__Your goal__.
Scan the records for the string "intro"; copy each line where it occurs.

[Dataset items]
Segment Open

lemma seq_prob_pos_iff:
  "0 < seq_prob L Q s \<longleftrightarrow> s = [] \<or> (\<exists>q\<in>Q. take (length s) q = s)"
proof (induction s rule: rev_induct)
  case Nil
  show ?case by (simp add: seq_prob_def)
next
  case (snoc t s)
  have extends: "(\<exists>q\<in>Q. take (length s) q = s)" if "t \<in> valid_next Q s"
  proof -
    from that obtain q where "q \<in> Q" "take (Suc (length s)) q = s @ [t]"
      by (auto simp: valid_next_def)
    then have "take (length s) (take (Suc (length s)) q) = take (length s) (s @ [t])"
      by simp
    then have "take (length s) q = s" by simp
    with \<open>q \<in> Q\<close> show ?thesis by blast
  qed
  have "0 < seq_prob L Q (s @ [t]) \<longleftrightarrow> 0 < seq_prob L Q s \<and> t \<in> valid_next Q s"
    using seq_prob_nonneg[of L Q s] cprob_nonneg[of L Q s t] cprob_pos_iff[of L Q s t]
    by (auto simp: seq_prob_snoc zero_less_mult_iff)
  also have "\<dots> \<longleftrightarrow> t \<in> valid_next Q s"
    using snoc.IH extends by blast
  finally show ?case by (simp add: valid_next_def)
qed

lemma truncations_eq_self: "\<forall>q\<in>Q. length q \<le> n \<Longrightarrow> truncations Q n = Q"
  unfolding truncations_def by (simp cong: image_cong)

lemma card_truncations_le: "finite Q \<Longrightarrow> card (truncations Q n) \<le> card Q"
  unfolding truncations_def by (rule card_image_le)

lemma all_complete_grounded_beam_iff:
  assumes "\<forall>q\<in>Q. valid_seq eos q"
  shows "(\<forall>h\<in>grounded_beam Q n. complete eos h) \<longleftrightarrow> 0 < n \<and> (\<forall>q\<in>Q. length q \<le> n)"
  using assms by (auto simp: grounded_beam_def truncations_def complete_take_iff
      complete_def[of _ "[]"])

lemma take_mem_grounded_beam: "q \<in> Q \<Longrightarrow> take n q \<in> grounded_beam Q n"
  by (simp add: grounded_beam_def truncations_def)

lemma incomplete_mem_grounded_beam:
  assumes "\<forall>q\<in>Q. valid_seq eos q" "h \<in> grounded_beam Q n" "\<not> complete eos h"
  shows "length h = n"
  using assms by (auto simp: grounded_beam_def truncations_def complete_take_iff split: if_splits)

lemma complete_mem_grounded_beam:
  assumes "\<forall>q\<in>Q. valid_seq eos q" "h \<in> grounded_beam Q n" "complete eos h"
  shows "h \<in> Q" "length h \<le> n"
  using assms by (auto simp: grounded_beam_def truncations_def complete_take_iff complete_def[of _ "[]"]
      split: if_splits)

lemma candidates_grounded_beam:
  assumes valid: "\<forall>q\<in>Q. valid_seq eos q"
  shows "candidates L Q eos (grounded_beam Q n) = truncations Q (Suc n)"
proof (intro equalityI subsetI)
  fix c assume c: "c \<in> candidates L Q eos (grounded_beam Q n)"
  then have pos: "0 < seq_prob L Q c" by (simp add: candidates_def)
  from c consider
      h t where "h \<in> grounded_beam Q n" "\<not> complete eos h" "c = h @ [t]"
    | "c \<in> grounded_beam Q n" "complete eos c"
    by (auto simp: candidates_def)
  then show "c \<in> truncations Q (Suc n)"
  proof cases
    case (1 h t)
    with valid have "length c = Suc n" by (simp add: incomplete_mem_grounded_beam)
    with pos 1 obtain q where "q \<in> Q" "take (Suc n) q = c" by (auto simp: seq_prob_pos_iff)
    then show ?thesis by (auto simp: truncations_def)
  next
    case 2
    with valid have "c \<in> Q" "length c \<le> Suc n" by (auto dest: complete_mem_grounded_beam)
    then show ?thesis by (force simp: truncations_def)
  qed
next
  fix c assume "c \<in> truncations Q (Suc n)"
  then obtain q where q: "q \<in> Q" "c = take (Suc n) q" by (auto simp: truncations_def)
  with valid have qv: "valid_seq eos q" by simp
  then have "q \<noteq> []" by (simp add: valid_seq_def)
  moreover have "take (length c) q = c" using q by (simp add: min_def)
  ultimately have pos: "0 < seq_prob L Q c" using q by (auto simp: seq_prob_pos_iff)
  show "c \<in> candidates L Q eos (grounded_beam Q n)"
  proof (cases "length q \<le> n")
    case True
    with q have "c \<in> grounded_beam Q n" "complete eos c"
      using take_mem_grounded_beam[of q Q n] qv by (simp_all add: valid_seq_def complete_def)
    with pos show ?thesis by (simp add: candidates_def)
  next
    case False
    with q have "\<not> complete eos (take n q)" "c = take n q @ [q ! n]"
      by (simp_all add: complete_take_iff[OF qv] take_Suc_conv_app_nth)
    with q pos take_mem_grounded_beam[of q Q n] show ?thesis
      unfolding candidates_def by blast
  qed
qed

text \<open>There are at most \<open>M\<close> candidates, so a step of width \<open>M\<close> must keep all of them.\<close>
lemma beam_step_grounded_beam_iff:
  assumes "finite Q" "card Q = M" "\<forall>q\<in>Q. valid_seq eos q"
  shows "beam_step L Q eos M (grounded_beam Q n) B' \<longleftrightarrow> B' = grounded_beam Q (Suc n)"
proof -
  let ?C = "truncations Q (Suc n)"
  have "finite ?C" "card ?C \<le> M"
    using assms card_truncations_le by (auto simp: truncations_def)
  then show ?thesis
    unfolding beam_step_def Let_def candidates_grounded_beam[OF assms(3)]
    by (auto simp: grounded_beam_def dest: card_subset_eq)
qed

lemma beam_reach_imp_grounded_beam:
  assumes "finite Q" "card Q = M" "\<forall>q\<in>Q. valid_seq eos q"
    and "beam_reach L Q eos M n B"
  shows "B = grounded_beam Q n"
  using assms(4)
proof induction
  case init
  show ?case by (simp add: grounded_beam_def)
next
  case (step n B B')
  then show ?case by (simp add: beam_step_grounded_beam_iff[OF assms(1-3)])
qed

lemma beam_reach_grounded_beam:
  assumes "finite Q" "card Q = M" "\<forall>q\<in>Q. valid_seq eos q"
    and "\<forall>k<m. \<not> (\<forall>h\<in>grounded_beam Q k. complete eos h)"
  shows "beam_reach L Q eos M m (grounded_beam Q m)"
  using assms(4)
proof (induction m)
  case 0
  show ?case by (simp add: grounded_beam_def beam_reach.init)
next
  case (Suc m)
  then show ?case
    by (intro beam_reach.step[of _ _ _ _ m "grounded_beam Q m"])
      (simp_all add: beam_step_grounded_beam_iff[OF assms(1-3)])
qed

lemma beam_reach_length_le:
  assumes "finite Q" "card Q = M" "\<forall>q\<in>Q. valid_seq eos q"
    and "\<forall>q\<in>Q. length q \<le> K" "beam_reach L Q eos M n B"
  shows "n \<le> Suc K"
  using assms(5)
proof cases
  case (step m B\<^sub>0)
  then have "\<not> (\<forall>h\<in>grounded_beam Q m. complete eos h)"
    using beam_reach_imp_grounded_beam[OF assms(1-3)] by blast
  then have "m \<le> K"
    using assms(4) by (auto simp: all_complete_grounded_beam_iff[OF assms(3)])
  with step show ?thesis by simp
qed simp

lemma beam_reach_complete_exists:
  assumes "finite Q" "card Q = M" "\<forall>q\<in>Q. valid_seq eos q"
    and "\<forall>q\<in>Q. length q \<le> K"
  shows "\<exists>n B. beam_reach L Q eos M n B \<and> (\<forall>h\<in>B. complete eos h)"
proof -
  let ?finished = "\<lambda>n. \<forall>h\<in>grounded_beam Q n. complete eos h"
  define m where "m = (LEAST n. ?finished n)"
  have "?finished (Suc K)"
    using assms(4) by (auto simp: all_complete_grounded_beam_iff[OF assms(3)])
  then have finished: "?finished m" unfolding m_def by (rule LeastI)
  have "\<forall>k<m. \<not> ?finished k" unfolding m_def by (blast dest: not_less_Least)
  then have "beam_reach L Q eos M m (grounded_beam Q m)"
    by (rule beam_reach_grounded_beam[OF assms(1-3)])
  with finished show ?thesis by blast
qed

Segment Closed
Segment Open

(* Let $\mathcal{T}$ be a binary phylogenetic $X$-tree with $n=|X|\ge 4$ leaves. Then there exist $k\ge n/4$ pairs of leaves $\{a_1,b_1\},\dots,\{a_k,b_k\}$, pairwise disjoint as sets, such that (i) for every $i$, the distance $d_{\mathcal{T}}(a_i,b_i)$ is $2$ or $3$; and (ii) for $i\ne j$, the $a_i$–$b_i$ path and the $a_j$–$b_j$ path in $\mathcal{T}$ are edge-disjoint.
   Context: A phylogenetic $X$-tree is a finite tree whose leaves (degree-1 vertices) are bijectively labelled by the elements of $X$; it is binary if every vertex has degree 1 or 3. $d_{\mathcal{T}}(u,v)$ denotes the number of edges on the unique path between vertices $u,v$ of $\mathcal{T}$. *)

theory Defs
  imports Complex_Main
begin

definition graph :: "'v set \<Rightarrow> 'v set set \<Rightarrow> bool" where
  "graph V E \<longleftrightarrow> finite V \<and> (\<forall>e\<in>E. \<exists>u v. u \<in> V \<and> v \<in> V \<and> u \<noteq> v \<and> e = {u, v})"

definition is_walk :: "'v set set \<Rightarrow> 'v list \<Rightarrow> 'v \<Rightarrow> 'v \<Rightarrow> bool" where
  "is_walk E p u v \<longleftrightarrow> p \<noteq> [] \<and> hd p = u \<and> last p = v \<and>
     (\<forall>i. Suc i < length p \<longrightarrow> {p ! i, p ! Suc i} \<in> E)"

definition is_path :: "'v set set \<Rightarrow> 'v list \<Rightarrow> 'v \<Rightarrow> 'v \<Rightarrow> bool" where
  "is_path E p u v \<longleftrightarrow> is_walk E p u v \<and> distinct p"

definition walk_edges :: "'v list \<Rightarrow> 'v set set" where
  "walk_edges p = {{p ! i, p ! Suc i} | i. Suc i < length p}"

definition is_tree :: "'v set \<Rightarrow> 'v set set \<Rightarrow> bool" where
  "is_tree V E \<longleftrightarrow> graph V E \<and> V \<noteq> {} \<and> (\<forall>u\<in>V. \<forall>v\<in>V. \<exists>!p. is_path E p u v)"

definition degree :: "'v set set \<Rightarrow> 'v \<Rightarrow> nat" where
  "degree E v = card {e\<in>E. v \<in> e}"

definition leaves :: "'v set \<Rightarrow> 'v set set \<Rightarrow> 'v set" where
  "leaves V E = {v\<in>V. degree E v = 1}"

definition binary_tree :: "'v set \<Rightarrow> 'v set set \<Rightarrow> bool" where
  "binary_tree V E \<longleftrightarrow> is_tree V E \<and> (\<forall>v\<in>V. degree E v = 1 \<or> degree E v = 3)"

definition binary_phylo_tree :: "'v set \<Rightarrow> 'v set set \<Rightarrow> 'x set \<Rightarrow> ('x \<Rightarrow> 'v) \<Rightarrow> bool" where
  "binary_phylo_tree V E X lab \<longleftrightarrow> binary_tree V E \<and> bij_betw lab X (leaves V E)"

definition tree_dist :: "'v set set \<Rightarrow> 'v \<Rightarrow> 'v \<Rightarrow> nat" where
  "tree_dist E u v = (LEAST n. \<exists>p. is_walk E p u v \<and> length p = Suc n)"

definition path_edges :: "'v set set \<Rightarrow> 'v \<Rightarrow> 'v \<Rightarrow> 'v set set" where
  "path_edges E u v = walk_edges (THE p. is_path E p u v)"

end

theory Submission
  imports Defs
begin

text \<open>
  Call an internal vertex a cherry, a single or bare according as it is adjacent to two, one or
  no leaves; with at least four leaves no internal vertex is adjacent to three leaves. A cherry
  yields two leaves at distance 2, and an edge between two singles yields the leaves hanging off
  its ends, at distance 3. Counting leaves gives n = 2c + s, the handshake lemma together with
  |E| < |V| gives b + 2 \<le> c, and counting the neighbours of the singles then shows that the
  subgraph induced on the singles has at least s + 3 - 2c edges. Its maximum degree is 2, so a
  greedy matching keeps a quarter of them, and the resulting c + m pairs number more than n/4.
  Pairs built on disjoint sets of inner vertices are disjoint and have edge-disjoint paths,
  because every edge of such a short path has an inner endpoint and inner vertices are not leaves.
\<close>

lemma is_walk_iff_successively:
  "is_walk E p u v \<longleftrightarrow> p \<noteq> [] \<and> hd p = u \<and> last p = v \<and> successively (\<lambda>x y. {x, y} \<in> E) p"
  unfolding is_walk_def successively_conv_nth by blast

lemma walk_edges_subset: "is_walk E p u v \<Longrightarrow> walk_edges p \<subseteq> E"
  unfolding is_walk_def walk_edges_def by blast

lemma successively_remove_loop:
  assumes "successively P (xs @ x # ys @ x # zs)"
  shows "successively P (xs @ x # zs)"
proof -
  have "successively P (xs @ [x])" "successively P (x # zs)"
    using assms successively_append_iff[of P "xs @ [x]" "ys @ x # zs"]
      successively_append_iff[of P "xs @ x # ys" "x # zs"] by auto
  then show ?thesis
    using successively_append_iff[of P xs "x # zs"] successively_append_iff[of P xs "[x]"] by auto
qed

Segment Closed

__Answer below__.
proof (intro equalityI subsetI)
    by (intro beam_reach.step[of _ _ _ _ m "grounded_beam Q m"])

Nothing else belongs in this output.